lemma lyapunov_bounds:
  shows lyapunov_nonneg: "0 \<le> lyapunov xs ys ls k"
    and lyapunov_ge_dual: "e \<in> E \<Longrightarrow> (norm (lam k e - ls e))\<^sup>2 / (gamma * rho) \<le> lyapunov xs ys ls k"
    and lyapunov_ge_x: "i < N \<Longrightarrow> primal_weight i * (norm (Wc k i - xs i))\<^sup>2 \<le> lyapunov xs ys ls k"
    and lyapunov_ge_y: "i < N \<Longrightarrow> zeta i * (norm (Wh k i - ys i))\<^sup>2 \<le> lyapunov xs ys ls k"
proof -
  let ?S1 = "(\<Sum>e\<in>E. (norm (lam k e - ls e))\<^sup>2) / (gamma * rho)"
  let ?S2 = "\<Sum>i<N. primal_weight i * (norm (Wc k i - xs i))\<^sup>2"
  let ?S3 = "\<Sum>i<N. zeta i * (norm (Wh k i - ys i))\<^sup>2"
  have gr: "0 < gamma * rho" using gamma rho by simp
  have S1: "0 \<le> ?S1" using gr by (simp add: sum_nonneg)
  have S2: "0 \<le> ?S2" using primal_weight_pos by (intro sum_nonneg) (simp add: less_imp_le)
  have S3: "0 \<le> ?S3" using zeta_pos by (intro sum_nonneg) (simp add: less_imp_le)
  show "0 \<le> lyapunov xs ys ls k"
    using S1 S2 S3 by (simp add: lyapunov_def)
  show "(norm (lam k e - ls e))\<^sup>2 / (gamma * rho) \<le> lyapunov xs ys ls k" if "e \<in> E"
  proof -
    have "(norm (lam k e - ls e))\<^sup>2 \<le> (\<Sum>e\<in>E. (norm (lam k e - ls e))\<^sup>2)"
      using that valid_edges_finite[OF edges] by (intro member_le_sum) auto
    then show ?thesis
      using divide_right_mono[OF _ less_imp_le[OF gr]] S2 S3 by (fastforce simp: lyapunov_def)
  qed
  show "primal_weight i * (norm (Wc k i - xs i))\<^sup>2 \<le> lyapunov xs ys ls k" if "i < N"
  proof -
    have "primal_weight i * (norm (Wc k i - xs i))\<^sup>2 \<le> ?S2"
      using that primal_weight_pos by (intro member_le_sum) (auto simp: less_imp_le)
    then show ?thesis using S1 S3 by (simp add: lyapunov_def)
  qed
  show "zeta i * (norm (Wh k i - ys i))\<^sup>2 \<le> lyapunov xs ys ls k" if "i < N"
  proof -
    have "zeta i * (norm (Wh k i - ys i))\<^sup>2 \<le> ?S3"
      using that zeta_pos by (intro member_le_sum) (auto simp: less_imp_le)
    then show ?thesis using S1 S2 by (simp add: lyapunov_def)
  qed
qed

lemma lyapunov_antimono:
  assumes "KKT xs ys ls"
  shows "decseq (lyapunov xs ys ls)"
proof (rule decseq_SucI)
  obtain c where c: "0 < c"
    and decrease: "\<And>xs ys ls k. KKT xs ys ls \<Longrightarrow> c * residual k \<le> lyapunov xs ys ls k - lyapunov xs ys ls (Suc k)"
    using lyapunov_sufficient_decrease by blast
  show "lyapunov xs ys ls (Suc k) \<le> lyapunov xs ys ls k" for k
    using decrease[OF assms, of k] mult_nonneg_nonneg[OF less_imp_le[OF c] residual_nonneg[of k]]
    by linarith
qed

lemma residual_tendsto_zero:
  assumes kkt: "KKT xs ys ls"
  shows "residual \<longlonglongrightarrow> 0"
proof -
  obtain c where c: "0 < c"
    and decrease: "\<And>xs ys ls k. KKT xs ys ls \<Longrightarrow> c * residual k \<le> lyapunov xs ys ls k - lyapunov xs ys ls (Suc k)"
    using lyapunov_sufficient_decrease by blast
  have "\<forall>k. 0 \<le> lyapunov xs ys ls k"
    by (simp add: lyapunov_nonneg)
  then obtain L where L: "lyapunov xs ys ls \<longlonglongrightarrow> L"
    using decseq_convergent[OF lyapunov_antimono[OF kkt]] by blast
  have "(\<lambda>k. lyapunov xs ys ls k - lyapunov xs ys ls (Suc k)) \<longlonglongrightarrow> 0"
    using tendsto_diff[OF L LIMSEQ_Suc[OF L]] by simp
  then have gap: "(\<lambda>k. (lyapunov xs ys ls k - lyapunov xs ys ls (Suc k)) / c) \<longlonglongrightarrow> 0"
    by (rule tendsto_divide_zero)
  have bound: "norm (residual k) \<le> (lyapunov xs ys ls k - lyapunov xs ys ls (Suc k)) / c" for k
    using decrease[OF kkt, of k] residual_nonneg[of k] c by (simp add: pos_le_divide_eq mult.commute)
  show ?thesis
    by (rule Lim_null_comparison[OF always_eventually[OF allI[OF bound]] gap])
qed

- WORK REQUEST -
Take the line holding "by (rule tendsto_divide_zero)" and the lines after it through the end of the entries. Retype them exactly and add nothing.

- EXERCISE SOLUTION -
    by (rule tendsto_divide_zero)
  have bound: "norm (residual k) \<le> (lyapunov xs ys ls k - lyapunov xs ys ls (Suc k)) / c" for k
    using decrease[OF kkt, of k] residual_nonneg[of k] c by (simp add: pos_le_divide_eq mult.commute)
  show ?thesis
    by (rule Lim_null_comparison[OF always_eventually[OF allI[OF bound]] gap])
qed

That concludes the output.